Добавить в цитаты Настройки чтения

Страница 20 из 42

Дождь преобразует воду.

Гендель

Ей лет тридцать пять. У нее грива, как у льва. Льва-самца, конечно. Почему мы, говоря комплименты своим женщинам, сравниваем их с самцами? Грива льва, переливчато-синие глаза павлина, шея лебедя (у самцов она длиннее и белее), грация барса, кожа мягкая, как у джейрана. У меня был знакомый араб, гомосексуалист, как водится, – это он сказал мне, что у самцов она мягче. Кожа самки грубеет от вынашивания потомства. «Разве у людей не так?» – спрашивал он, когда мы шли мимо Родильного Отделения.

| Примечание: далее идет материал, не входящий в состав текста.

fun top_part :: "'a tree \<Rightarrow> 'a tree \<Rightarrow> bool" where
  "top_part Leaf t = True"
| "top_part (Node l a r) Leaf = False"
| "top_part (Node l a r) (Node l' a' r') = (a = a' \<and> top_part l l' \<and> top_part r r')"

definition top_tree :: "'a tree \<Rightarrow> 'a tree \<Rightarrow> bool" where
  "top_tree tau T \<longleftrightarrow> top_part tau T \<and> tau \<noteq> Leaf"

fun hanging :: "'a tree \<Rightarrow> 'a tree \<Rightarrow> 'a tree set" where
  "hanging Leaf t = {t}"
| "hanging (Node l a r) Leaf = {}"
| "hanging (Node l a r) (Node l' a' r') = hanging l l' \<union> hanging r r'"

(* x is a block boundary (first or last key of a maximal run of keys from one input)
   in the sorted order of A \<union> B, A and B disjoint *)
definition block_boundary :: "nat set \<Rightarrow> nat set \<Rightarrow> nat \<Rightarrow> bool" where
  "block_boundary A B x \<longleftrightarrow> x \<in> A \<union> B \<and>
     ((\<forall>y\<in>A \<union> B. y < x \<and> \<not>(\<exists>z\<in>A \<union> B. y < z \<and> z < x) \<longrightarrow> (y \<in> A \<longleftrightarrow> x \<notin> A))
    \<or> (\<forall>y\<in>A \<union> B. x < y \<and> \<not>(\<exists>z\<in>A \<union> B. x < z \<and> z < y) \<longrightarrow> (y \<in> A \<longleftrightarrow> x \<notin> A)))"

(* M TA TB = (T, tau): the merged BST T and its top tree tau (accessed keys = keys of tau) *)
definition is_bst_merge :: "(nat tree \<Rightarrow> nat tree \<Rightarrow> nat tree \<times> nat tree) \<Rightarrow> bool" where
  "is_bst_merge M \<longleftrightarrow>
    (\<forall>TA TB. bst TA \<and> bst TB \<and> TA \<noteq> Leaf \<and> TB \<noteq> Leaf \<and> set_tree TA \<inter> set_tree TB = {} \<longrightarrow>
      (let T = fst (M TA TB); tau = snd (M TA TB) in
         bst T \<and> set_tree T = set_tree TA \<union> set_tree TB \<and> top_tree tau T \<and>
         (\<exists>ta tb. top_tree ta TA \<and> top_tree tb TB \<and>
            set_tree tau = set_tree ta \<union> set_tree tb \<and>
            (\<forall>t\<in>hanging tau T. t \<noteq> Leaf \<longrightarrow> t \<in> hanging ta TA \<union> hanging tb TB)) \<and>
         {x. block_boundary (set_tree TA) (set_tree TB) x} \<subseteq> set_tree tau))"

Мужчины предпочитают друг друга, я в этом уверен, а женщины для них – нечто вроде баловства. Моему другу-арабу они наверняка не нравятся, совершенно точно, однако странно, что не нравятся они и моим гетеросексуальным друзьям. Мои коллеги не любят своих жен. Правда, любовниц своих они желают. Другие женщины ими не рассматриваются вовсе. Есть медсестры, которых мы называем ходячими ночными горшками, и все больше становится женщин-врачей. К счастью, большинство остается на нижней ступени служебной лестницы – либо по призванию, либо из-за семейных уз. Я говорю «к счастью», имея в виду «к счастью для них самих». Консультанты бывают вежливы только с богатыми клиентами. Я работаю с одним мужчиной, который всегда спрашивает женщин, не мешают ли их груди стетоскопу. Они вспыхивают, он смеется и панибратски похлопывает меня по плечу с заговорщицким видом.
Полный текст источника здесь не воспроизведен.